Provision it once per box (needs `uv`; not needed at service runtime):

```powershell
uv sync --extra media --extra embeddings --extra diarization   # main venv (ECAPA + ASR)
pwsh -File scripts/setup-diarizer.ps1 -Prewarm                  # builds sidecar/diarizer/.venv
```

`setup-diarizer.ps1` is the Windows convenience wrapper (it also runs an import smoke + optional
`-Prewarm`). On **Linux/macOS** build the sidecar with the underlying command directly:

```bash
uv sync --directory sidecar/diarizer
```

The sidecar is **cross-platform**: its torch source is platform-conditional — the cu130 (CUDA-13)
index on Windows/Linux (GPU, Blackwell `sm_120`), and default PyPI on macOS (CPU/MPS, since cu130
has no macOS wheels). uv auto-fetches a Python 3.12 for it.

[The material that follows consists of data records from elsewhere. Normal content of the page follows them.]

definition C_alg :: "complex set \<Rightarrow> (complex \<Rightarrow> complex) set" where
  "C_alg D = {h. continuous_on D h}"

end

(*
  R[f, g; D] is a uniformly closed algebra of continuous functions on D.  On a disk of radius
  at most 1/2 the pole of g lies outside D, so f = z^2 and cnj z = g / (1 - g) belong to it,
  hence so does |z|^4 = z^2 (cnj z)^2.  Multiplying z^2 cnj z = z |z|^2 by a polynomial in
  |z|^4 that approximates 1 / max(|z|^2, delta^2) recovers z up to an error of order delta,
  uniformly on D.  With z and cnj z every real polynomial in Re z and Im z lies in the
  algebra, and the Stone-Weierstrass theorem yields all of C(D).
*)
theory Submission
  imports Defs
begin

lemma sum_atMost_if_le:
  fixes X :: "nat \<Rightarrow> 'a::comm_monoid_add"
  assumes "n \<le> N"
  shows "(\<Sum>i\<le>N. if i \<le> n then X i else 0) = (\<Sum>i\<le>n. X i)"
proof -
  have "{i \<in> {..N}. i \<le> n} = {..n}" using assms by auto
  then show ?thesis by (simp flip: sum.inter_filter)
qed

lemma poly2I: "(\<lambda>u v. \<Sum>i\<le>n. \<Sum>j\<le>n. c i j * u ^ i * v ^ j) \<in> poly2"
  unfolding poly2_def by blast

lemma poly2E:
  assumes "P \<in> poly2"
  obtains c n where "P = (\<lambda>u v. \<Sum>i\<le>n. \<Sum>j\<le>n. c i j * u ^ i * v ^ j)"
  using assms unfolding poly2_def by blast

lemma poly2_monomial: "(\<lambda>u v. a * u ^ p * v ^ q) \<in> poly2"
proof -
  have "(\<lambda>u v. a * u ^ p * v ^ q) = (\<lambda>u v. \<Sum>i\<le>max p q. \<Sum>j\<le>max p q.
      (if j = q then if i = p then a else 0 else 0) * u ^ i * v ^ j)"
    by (simp add: fun_eq_iff if_distrib[of "\<lambda>x. x * _"] sum.delta cong: if_cong)
  then show ?thesis by (simp only: poly2I)
qed

lemma poly2_const: "(\<lambda>u v. a) \<in> poly2"
  using poly2_monomial[of a 0 0] by simp

lemma poly2_degree_pad:
  fixes c :: "nat \<Rightarrow> nat \<Rightarrow> complex"
  assumes "n \<le> N"
  shows "(\<Sum>i\<le>n. \<Sum>j\<le>n. c i j * u ^ i * v ^ j)
       = (\<Sum>i\<le>N. \<Sum>j\<le>N. (if i \<le> n \<and> j \<le> n then c i j else 0) * u ^ i * v ^ j)"
proof -
  have "(\<Sum>i\<le>N. \<Sum>j\<le>N. (if i \<le> n \<and> j \<le> n then c i j else 0) * u ^ i * v ^ j)
      = (\<Sum>i\<le>N. if i \<le> n then \<Sum>j\<le>N. if j \<le> n then c i j * u ^ i * v ^ j else 0 else 0)"
    by (auto intro!: sum.cong)
  then show ?thesis using assms by (simp add: sum_atMost_if_le)
qed

lemma poly2_add:
  assumes "P \<in> poly2" "Q \<in> poly2"
  shows "(\<lambda>u v. P u v + Q u v) \<in> poly2"
proof -
  obtain c n where P: "P = (\<lambda>u v. \<Sum>i\<le>n. \<Sum>j\<le>n. c i j * u ^ i * v ^ j)"
    using assms(1) by (rule poly2E)
  obtain d m where Q: "Q = (\<lambda>u v. \<Sum>i\<le>m. \<Sum>j\<le>m. d i j * u ^ i * v ^ j)"
    using assms(2) by (rule poly2E)
  have "(\<lambda>u v. P u v + Q u v) = (\<lambda>u v. \<Sum>i\<le>n + m. \<Sum>j\<le>n + m.
      ((if i \<le> n \<and> j \<le> n then c i j else 0) + (if i \<le> m \<and> j \<le> m then d i j else 0))
        * u ^ i * v ^ j)"
    unfolding P Q
    by (simp add: fun_eq_iff poly2_degree_pad[of n "n + m"] poly2_degree_pad[of m "n + m"]
        distrib_right sum.distrib)
  then show ?thesis by (simp only: poly2I)
qed

lemma poly2_sum:
  assumes "finite I" "\<And>i. i \<in> I \<Longrightarrow> F i \<in> poly2"
  shows "(\<lambda>u v. \<Sum>i\<in>I. F i u v) \<in> poly2"
  using assms by (induction I rule: finite_induct) (simp_all add: poly2_const poly2_add)

lemma poly2_mult:
  assumes "P \<in> poly2" "Q \<in> poly2"
  shows "(\<lambda>u v. P u v * Q u v) \<in> poly2"
proof -
  obtain c n where P: "P = (\<lambda>u v. \<Sum>i\<le>n. \<Sum>j\<le>n. c i j * u ^ i * v ^ j)"
    using assms(1) by (rule poly2E)
  obtain d m where Q: "Q = (\<lambda>u v. \<Sum>i\<le>m. \<Sum>j\<le>m. d i j * u ^ i * v ^ j)"
    using assms(2) by (rule poly2E)
  have "(\<lambda>u v. P u v * Q u v) = (\<lambda>u v. \<Sum>i\<le>n. \<Sum>k\<le>m. \<Sum>j\<le>n. \<Sum>l\<le>m.
       (c i j * d k l) * u ^ (i + k) * v ^ (j + l))"
    unfolding P Q sum_product by (intro ext sum.cong refl) (simp add: power_add mult_ac)
  then show ?thesis by (simp add: poly2_sum poly2_monomial)
qed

The pyannote checkpoints are HF-gated:
set `HUGGINGFACE_TOKEN` and accept the conditions for **both** `pyannote/speaker-diarization-3.1`
and `pyannote/segmentation-3.0`. Then `KB_MCP_DIARIZE=1`, enroll yourself
(`exomem enroll-speaker --name <you> --self <sample.wav>`), and restart.

## License

AGPL-3.0-or-later — see [LICENSE](LICENSE).

## Releases

Versioning follows the lightweight SemVer policy in
**[docs/release.md](docs/release.md)**. The source of truth is
`pyproject.toml`'s `[project].version`; release tags use `vX.Y.Z`. Release
Please drives future version bumps from Conventional Commit messages.